» **WHAT NEEDS TO BE DONE**:
Go through the listing below and show each line that has the word "dimension".

» **DATA**:

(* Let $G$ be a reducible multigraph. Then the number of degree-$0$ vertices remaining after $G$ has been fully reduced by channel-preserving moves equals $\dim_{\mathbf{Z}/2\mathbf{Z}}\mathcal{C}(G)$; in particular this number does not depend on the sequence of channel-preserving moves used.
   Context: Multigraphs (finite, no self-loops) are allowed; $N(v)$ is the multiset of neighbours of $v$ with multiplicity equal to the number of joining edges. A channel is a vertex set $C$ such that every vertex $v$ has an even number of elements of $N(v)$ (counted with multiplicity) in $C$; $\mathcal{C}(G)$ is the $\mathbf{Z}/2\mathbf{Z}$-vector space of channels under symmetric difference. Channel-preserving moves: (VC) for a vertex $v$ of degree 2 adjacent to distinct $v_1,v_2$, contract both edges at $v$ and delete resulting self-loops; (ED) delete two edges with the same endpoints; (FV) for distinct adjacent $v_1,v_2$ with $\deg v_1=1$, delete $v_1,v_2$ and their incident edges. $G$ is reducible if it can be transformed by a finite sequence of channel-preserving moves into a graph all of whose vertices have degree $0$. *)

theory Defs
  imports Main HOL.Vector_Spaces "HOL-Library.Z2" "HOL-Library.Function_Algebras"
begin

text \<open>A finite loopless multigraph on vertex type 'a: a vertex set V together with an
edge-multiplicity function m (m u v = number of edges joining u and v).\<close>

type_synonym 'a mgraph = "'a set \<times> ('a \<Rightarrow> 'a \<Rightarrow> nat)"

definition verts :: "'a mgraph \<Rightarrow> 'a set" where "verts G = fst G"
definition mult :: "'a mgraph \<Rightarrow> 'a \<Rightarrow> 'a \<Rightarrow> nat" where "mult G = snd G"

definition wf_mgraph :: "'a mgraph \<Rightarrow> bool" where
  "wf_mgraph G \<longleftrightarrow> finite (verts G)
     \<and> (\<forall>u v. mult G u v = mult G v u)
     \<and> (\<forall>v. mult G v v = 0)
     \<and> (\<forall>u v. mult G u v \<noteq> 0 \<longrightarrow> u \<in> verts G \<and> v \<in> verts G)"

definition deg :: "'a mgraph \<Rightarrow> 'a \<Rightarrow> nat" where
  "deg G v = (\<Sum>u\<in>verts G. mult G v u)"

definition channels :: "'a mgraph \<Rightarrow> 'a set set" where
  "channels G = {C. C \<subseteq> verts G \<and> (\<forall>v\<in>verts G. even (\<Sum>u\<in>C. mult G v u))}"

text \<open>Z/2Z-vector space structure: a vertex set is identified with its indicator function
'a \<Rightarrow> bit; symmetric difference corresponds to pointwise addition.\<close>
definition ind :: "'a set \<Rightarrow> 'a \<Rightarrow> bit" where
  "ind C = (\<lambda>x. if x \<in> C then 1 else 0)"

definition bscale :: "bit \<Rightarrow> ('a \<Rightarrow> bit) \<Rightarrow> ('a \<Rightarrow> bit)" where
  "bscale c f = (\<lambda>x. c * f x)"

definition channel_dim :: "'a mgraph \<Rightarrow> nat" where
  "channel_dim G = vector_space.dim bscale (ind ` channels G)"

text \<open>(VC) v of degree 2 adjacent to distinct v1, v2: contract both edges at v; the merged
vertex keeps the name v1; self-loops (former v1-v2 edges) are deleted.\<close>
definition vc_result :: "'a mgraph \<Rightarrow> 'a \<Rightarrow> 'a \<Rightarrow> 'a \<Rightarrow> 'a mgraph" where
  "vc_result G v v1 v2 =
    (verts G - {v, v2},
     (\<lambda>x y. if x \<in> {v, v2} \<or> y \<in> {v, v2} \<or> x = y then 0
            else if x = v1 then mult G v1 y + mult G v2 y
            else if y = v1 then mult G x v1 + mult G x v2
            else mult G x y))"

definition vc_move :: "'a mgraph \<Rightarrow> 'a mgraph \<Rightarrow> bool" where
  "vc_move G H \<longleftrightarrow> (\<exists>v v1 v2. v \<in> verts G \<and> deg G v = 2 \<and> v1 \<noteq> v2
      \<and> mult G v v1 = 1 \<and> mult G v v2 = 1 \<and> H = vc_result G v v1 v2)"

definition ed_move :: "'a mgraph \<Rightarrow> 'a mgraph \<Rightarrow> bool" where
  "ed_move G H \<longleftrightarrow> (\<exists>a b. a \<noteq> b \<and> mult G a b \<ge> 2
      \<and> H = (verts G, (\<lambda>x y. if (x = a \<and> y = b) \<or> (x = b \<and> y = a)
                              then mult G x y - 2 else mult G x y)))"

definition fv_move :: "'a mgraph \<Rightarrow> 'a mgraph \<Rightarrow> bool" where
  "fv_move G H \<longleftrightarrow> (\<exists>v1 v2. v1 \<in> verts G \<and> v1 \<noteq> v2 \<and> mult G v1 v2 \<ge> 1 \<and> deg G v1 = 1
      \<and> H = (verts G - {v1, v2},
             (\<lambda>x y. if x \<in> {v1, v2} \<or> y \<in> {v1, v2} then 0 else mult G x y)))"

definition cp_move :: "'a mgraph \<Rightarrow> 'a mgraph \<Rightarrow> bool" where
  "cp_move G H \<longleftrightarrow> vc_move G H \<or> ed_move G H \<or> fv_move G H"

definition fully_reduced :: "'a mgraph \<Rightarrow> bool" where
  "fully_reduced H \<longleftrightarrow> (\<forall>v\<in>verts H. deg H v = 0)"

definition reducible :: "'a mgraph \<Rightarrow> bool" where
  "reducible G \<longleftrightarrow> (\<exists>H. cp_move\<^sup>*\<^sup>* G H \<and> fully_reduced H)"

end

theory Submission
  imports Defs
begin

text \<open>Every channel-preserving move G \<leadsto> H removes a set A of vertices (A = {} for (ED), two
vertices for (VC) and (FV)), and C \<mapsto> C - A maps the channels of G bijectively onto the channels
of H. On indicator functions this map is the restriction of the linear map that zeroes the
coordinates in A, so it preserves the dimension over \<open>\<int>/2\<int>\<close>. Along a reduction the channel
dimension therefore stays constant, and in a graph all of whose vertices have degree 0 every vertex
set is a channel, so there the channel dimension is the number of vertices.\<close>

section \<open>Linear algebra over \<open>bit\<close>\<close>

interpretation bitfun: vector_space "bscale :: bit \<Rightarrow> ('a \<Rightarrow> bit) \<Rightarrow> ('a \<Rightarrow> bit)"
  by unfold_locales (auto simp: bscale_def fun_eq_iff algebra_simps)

» **EXERCISE RESPONSE**:
coordinates in A, so it preserves the dimension over \<open>\<int>/2\<int>\<close>. Along a reduction the channel
dimension therefore stays constant, and in a graph all of whose vertices have degree 0 every vertex
set is a channel, so there the channel dimension is the number of vertices.\<close>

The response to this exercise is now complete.